* Excerpted data *
___

subsection \<open>Extremal cuts\<close>

lemma cut_weights_eq:
  "{\<Sum>e\<in>deltaE E U1 U2. a e | U1 U2. U1 \<union> U2 = X \<and> U1 \<inter> U2 = {}}
   = (\<lambda>U. \<Sum>e\<in>deltaE E U (X - U). a e) ` Pow X"
proof (intro set_eqI iffI)
  fix s assume "s \<in> {\<Sum>e\<in>deltaE E U1 U2. a e | U1 U2. U1 \<union> U2 = X \<and> U1 \<inter> U2 = {}}"
  then obtain U1 U2 where "s = (\<Sum>e\<in>deltaE E U1 U2. a e)" "U1 \<union> U2 = X" "U1 \<inter> U2 = {}"
    by blast
  moreover from this have "U2 = X - U1" by blast
  ultimately show "s \<in> (\<lambda>U. \<Sum>e\<in>deltaE E U (X - U). a e) ` Pow X"
    by (intro image_eqI[where x = U1]) auto
next
  fix s assume "s \<in> (\<lambda>U. \<Sum>e\<in>deltaE E U (X - U). a e) ` Pow X"
  then obtain U where "U \<subseteq> X" "s = (\<Sum>e\<in>deltaE E U (X - U). a e)" by auto
  then show "s \<in> {\<Sum>e\<in>deltaE E U1 U2. a e | U1 U2. U1 \<union> U2 = X \<and> U1 \<inter> U2 = {}}"
    by (intro CollectI exI[of _ U] exI[of _ "X - U"]) auto
qed

lemma
  fixes X :: "'n::finite set"
  shows mu_plus_attained: "\<exists>P\<subseteq>X. (\<Sum>e\<in>deltaE E P (X - P). a e) = mu_plus E a X"
    and mu_minus_attained: "\<exists>P\<subseteq>X. (\<Sum>e\<in>deltaE E P (X - P). a e) = mu_minus E a X"
    and mu_minus_le_mu_plus: "mu_minus E a X \<le> mu_plus E a X"
proof -
  let ?S = "(\<lambda>U. \<Sum>e\<in>deltaE E U (X - U). a e) ` Pow X"
  have S: "finite ?S" "?S \<noteq> {}" by auto
  show "\<exists>P\<subseteq>X. (\<Sum>e\<in>deltaE E P (X - P). a e) = mu_plus E a X"
    using Max_in[OF S] by (auto simp: mu_plus_def cut_weights_eq)
  show "\<exists>P\<subseteq>X. (\<Sum>e\<in>deltaE E P (X - P). a e) = mu_minus E a X"
    using Min_in[OF S] by (auto simp: mu_minus_def cut_weights_eq)
  show "mu_minus E a X \<le> mu_plus E a X"
    using Min_le[OF S(1) Max_in[OF S]] by (simp add: mu_plus_def mu_minus_def cut_weights_eq)
qed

___

* Task brief *
Returned text must match every record word for word.

* Answer to this problem *
subsection \<open>Extremal cuts\<close>

lemma cut_weights_eq:
  "{\<Sum>e\<in>deltaE E U1 U2. a e | U1 U2. U1 \<union> U2 = X \<and> U1 \<inter> U2 = {}}
   = (\<lambda>U. \<Sum>e\<in>deltaE E U (X - U). a e) ` Pow X"
proof (intro set_eqI iffI)
  fix s assume "s \<in> {\<Sum>e\<in>deltaE E U1 U2. a e | U1 U2. U1 \<union> U2 = X \<and> U1 \<inter> U2 = {}}"
  then obtain U1 U2 where "s = (\<Sum>e\<in>deltaE E U1 U2. a e)" "U1 \<union> U2 = X" "U1 \<inter> U2 = {}"
    by blast
  moreover from this have "U2 = X - U1" by blast
  ultimately show "s \<in> (\<lambda>U. \<Sum>e\<in>deltaE E U (X - U). a e) ` Pow X"
    by (intro image_eqI[where x = U1]) auto
next
  fix s assume "s \<in> (\<lambda>U. \<Sum>e\<in>deltaE E U (X - U). a e) ` Pow X"
  then obtain U where "U \<subseteq> X" "s = (\<Sum>e\<in>deltaE E U (X - U). a e)" by auto
  then show "s \<in> {\<Sum>e\<in>deltaE E U1 U2. a e | U1 U2. U1 \<union> U2 = X \<and> U1 \<inter> U2 = {}}"
    by (intro CollectI exI[of _ U] exI[of _ "X - U"]) auto
qed

lemma
  fixes X :: "'n::finite set"
  shows mu_plus_attained: "\<exists>P\<subseteq>X. (\<Sum>e\<in>deltaE E P (X - P). a e) = mu_plus E a X"
    and mu_minus_attained: "\<exists>P\<subseteq>X. (\<Sum>e\<in>deltaE E P (X - P). a e) = mu_minus E a X"
    and mu_minus_le_mu_plus: "mu_minus E a X \<le> mu_plus E a X"
proof -
  let ?S = "(\<lambda>U. \<Sum>e\<in>deltaE E U (X - U). a e) ` Pow X"
  have S: "finite ?S" "?S \<noteq> {}" by auto
  show "\<exists>P\<subseteq>X. (\<Sum>e\<in>deltaE E P (X - P). a e) = mu_plus E a X"
    using Max_in[OF S] by (auto simp: mu_plus_def cut_weights_eq)
  show "\<exists>P\<subseteq>X. (\<Sum>e\<in>deltaE E P (X - P). a e) = mu_minus E a X"
    using Min_in[OF S] by (auto simp: mu_minus_def cut_weights_eq)
  show "mu_minus E a X \<le> mu_plus E a X"
    using Min_le[OF S(1) Max_in[OF S]] by (simp add: mu_plus_def mu_minus_def cut_weights_eq)
qed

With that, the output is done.